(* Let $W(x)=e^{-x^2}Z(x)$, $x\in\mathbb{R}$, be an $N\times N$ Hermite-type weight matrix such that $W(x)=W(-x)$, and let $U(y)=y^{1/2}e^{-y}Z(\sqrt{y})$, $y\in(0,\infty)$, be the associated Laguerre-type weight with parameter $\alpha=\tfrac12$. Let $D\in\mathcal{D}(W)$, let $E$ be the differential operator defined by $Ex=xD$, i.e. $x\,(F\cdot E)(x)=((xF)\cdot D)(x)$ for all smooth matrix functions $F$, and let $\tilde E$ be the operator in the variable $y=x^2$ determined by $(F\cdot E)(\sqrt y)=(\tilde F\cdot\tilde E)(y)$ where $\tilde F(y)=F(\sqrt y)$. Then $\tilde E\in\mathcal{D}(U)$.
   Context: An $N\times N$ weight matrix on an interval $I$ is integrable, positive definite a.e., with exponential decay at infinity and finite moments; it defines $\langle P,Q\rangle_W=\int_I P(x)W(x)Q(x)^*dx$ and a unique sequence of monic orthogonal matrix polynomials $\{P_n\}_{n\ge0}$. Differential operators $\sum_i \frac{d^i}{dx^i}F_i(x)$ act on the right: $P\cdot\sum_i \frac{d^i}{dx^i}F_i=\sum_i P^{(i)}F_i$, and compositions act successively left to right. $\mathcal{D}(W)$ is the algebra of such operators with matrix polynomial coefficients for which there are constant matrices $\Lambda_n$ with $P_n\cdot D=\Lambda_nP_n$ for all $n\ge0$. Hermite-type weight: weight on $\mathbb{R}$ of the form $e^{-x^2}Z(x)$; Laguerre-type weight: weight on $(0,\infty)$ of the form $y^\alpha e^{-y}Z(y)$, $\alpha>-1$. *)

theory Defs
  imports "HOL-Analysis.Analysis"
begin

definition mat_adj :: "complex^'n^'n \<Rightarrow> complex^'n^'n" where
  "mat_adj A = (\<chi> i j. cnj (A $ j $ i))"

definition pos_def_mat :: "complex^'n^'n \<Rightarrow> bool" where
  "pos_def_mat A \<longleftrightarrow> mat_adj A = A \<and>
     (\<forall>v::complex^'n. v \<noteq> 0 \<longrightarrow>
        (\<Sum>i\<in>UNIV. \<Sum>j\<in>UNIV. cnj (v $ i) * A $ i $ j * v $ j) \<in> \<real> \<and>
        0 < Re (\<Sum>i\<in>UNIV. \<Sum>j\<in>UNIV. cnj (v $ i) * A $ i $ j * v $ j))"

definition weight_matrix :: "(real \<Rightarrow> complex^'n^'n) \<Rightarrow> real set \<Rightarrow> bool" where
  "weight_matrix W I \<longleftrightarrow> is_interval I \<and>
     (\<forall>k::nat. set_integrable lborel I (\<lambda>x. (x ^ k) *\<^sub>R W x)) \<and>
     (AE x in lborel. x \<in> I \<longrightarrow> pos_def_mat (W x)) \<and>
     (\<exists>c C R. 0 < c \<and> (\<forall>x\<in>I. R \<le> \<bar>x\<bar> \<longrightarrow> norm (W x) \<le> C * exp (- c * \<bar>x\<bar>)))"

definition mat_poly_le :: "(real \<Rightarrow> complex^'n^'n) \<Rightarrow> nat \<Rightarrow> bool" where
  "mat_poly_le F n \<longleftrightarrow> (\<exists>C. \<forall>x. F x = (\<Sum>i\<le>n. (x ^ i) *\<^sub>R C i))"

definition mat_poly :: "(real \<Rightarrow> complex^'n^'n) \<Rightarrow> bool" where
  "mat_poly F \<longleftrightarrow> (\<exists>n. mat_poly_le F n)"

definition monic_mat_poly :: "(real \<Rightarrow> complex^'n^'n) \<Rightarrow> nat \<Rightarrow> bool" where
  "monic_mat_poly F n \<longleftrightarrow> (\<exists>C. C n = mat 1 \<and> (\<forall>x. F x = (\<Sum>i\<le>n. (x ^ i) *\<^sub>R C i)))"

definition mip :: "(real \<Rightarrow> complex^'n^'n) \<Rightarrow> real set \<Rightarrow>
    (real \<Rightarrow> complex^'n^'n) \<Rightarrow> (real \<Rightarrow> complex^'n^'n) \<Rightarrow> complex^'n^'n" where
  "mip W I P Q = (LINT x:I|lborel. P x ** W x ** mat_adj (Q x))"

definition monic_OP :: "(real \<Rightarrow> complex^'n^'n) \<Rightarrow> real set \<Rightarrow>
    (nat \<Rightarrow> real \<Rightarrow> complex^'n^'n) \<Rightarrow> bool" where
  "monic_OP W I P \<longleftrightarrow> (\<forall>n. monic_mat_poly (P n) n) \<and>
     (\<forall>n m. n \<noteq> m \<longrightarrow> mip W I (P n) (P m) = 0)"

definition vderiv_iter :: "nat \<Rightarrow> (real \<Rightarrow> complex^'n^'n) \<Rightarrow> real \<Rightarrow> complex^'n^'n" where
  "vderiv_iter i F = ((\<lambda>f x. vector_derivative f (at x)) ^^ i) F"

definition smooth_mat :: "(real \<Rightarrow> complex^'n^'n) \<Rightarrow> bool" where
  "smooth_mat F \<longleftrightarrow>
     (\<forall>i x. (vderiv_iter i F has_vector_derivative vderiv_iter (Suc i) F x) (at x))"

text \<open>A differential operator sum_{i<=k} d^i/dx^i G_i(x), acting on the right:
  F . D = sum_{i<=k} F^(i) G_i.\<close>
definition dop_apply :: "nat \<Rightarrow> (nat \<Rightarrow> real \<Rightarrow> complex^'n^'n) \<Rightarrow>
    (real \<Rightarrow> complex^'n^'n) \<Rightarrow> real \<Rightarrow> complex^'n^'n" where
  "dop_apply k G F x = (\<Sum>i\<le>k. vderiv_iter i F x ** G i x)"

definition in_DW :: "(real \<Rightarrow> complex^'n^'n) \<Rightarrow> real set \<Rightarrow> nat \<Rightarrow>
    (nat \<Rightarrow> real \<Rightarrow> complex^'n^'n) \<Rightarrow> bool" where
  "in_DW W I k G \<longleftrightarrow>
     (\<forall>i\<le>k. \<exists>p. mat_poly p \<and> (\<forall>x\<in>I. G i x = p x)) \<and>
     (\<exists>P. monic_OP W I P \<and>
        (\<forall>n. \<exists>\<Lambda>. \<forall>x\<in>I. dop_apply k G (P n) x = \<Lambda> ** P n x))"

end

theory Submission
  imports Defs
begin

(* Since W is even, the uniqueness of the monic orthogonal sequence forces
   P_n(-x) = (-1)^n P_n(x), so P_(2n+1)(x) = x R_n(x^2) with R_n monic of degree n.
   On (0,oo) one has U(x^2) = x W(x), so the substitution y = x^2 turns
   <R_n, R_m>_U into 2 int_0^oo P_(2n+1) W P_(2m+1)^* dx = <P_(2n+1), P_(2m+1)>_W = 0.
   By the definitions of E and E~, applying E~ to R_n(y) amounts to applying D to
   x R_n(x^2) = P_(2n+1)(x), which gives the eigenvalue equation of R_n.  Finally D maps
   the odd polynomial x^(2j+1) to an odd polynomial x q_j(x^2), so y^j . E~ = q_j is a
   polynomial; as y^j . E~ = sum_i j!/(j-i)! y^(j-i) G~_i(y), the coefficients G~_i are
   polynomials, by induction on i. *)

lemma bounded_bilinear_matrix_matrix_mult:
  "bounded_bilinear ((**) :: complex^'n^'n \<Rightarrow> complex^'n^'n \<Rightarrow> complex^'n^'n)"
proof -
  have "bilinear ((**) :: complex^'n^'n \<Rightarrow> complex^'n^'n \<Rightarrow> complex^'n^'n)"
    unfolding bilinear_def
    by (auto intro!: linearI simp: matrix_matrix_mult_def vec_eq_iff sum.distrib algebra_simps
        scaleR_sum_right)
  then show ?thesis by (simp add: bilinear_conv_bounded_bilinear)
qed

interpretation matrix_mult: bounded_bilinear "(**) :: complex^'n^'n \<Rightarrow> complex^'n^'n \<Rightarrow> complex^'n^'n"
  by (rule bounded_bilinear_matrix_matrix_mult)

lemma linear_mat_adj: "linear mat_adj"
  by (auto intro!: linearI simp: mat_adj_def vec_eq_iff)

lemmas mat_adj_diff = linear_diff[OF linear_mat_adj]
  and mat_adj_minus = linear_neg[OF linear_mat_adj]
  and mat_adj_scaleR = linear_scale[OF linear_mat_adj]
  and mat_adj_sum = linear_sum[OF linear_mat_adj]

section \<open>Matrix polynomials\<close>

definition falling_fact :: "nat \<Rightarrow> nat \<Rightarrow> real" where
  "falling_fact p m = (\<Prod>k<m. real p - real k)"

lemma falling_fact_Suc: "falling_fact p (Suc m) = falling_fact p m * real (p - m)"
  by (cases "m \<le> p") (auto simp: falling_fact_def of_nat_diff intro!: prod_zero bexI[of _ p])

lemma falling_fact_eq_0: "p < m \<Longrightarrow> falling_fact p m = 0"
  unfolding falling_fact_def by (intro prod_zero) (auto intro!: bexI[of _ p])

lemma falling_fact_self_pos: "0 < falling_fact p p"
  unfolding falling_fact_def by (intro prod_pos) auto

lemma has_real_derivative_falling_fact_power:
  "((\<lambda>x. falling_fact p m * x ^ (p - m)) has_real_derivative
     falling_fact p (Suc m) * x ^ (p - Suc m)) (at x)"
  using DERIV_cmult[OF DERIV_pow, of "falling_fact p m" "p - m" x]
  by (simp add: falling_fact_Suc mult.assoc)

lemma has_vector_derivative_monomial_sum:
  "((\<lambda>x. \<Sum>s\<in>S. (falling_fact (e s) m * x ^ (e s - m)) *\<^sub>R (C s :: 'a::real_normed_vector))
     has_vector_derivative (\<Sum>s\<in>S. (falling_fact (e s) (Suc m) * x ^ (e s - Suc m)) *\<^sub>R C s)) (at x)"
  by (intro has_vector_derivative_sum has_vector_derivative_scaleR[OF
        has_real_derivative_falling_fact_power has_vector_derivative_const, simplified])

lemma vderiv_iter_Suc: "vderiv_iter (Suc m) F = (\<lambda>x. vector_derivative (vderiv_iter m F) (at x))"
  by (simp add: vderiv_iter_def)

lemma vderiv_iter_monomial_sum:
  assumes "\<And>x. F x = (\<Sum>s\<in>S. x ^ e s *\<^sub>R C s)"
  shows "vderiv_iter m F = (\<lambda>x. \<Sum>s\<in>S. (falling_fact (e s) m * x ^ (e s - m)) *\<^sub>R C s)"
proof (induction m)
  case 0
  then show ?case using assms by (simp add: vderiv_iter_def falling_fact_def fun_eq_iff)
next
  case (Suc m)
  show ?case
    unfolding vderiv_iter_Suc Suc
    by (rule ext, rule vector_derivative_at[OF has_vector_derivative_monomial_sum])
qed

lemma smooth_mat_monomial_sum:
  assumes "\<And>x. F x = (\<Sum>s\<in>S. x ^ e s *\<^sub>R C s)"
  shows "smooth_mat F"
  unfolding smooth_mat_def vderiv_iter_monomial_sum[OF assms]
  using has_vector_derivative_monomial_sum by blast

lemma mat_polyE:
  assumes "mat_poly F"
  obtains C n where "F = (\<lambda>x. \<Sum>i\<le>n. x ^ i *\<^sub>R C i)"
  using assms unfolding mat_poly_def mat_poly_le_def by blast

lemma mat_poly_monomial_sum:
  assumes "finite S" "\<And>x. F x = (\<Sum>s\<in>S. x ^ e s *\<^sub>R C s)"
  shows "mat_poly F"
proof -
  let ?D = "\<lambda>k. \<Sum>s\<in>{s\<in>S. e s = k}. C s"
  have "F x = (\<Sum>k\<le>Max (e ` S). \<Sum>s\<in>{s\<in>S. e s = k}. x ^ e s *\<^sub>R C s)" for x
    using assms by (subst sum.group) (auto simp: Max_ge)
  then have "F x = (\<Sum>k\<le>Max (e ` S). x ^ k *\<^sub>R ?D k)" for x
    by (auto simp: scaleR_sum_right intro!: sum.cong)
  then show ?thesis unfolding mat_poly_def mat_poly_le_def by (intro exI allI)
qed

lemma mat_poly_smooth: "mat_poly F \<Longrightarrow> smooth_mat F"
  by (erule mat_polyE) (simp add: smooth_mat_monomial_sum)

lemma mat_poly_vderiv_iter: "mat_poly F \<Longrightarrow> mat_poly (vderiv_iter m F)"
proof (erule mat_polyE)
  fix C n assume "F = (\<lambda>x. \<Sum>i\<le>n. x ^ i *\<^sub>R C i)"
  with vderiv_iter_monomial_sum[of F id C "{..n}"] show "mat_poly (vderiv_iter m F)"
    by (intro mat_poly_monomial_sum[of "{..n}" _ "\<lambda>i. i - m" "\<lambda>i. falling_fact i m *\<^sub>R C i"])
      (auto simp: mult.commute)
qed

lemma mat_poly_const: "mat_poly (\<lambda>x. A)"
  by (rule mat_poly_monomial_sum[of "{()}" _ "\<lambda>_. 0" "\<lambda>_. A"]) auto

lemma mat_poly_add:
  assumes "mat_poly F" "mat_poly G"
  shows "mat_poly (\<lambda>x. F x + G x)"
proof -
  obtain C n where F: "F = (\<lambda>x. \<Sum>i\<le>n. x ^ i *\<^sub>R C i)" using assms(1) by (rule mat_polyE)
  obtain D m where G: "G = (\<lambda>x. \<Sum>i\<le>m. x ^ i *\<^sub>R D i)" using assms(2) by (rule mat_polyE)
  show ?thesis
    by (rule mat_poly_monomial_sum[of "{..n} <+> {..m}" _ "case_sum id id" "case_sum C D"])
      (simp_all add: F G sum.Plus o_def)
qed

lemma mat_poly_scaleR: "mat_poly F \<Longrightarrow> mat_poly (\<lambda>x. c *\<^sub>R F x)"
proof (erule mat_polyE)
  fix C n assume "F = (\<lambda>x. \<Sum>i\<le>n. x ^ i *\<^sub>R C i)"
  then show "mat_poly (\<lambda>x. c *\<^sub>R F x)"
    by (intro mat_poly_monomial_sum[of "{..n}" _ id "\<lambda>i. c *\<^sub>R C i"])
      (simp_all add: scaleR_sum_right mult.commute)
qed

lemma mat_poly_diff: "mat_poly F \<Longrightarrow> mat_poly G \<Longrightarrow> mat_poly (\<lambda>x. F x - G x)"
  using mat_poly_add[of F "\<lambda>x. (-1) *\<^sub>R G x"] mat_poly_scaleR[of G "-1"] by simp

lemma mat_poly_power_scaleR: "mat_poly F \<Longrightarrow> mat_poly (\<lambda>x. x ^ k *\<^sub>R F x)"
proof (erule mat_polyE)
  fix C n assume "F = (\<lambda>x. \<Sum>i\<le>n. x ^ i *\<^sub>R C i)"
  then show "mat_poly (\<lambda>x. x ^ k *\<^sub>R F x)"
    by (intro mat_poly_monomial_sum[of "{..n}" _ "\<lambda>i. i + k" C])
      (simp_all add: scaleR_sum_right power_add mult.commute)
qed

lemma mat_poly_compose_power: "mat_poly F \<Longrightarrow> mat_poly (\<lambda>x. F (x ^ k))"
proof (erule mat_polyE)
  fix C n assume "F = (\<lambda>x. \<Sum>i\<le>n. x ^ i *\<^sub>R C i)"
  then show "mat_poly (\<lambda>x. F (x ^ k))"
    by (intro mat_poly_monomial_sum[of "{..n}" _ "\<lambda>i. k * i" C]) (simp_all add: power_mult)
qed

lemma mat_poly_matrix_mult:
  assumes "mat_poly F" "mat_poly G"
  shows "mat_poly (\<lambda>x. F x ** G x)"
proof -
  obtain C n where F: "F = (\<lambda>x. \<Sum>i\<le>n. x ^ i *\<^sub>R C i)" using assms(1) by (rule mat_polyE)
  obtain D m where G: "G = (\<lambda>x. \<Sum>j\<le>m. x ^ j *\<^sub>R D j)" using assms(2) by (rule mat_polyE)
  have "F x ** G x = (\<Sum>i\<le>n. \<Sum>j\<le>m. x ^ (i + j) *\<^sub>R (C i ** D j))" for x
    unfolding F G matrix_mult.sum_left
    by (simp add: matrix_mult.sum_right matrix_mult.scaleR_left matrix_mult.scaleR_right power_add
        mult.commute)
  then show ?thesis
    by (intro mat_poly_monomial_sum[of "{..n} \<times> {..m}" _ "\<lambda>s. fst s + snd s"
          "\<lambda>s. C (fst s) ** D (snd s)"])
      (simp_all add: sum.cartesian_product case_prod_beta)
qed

____

> _What is required_
Write out every line in the data that holds the string "noteq".

> _Response area_
     (\<forall>v::complex^'n. v \<noteq> 0 \<longrightarrow>
     (\<forall>n m. n \<noteq> m \<longrightarrow> mip W I (P n) (P m) = 0)"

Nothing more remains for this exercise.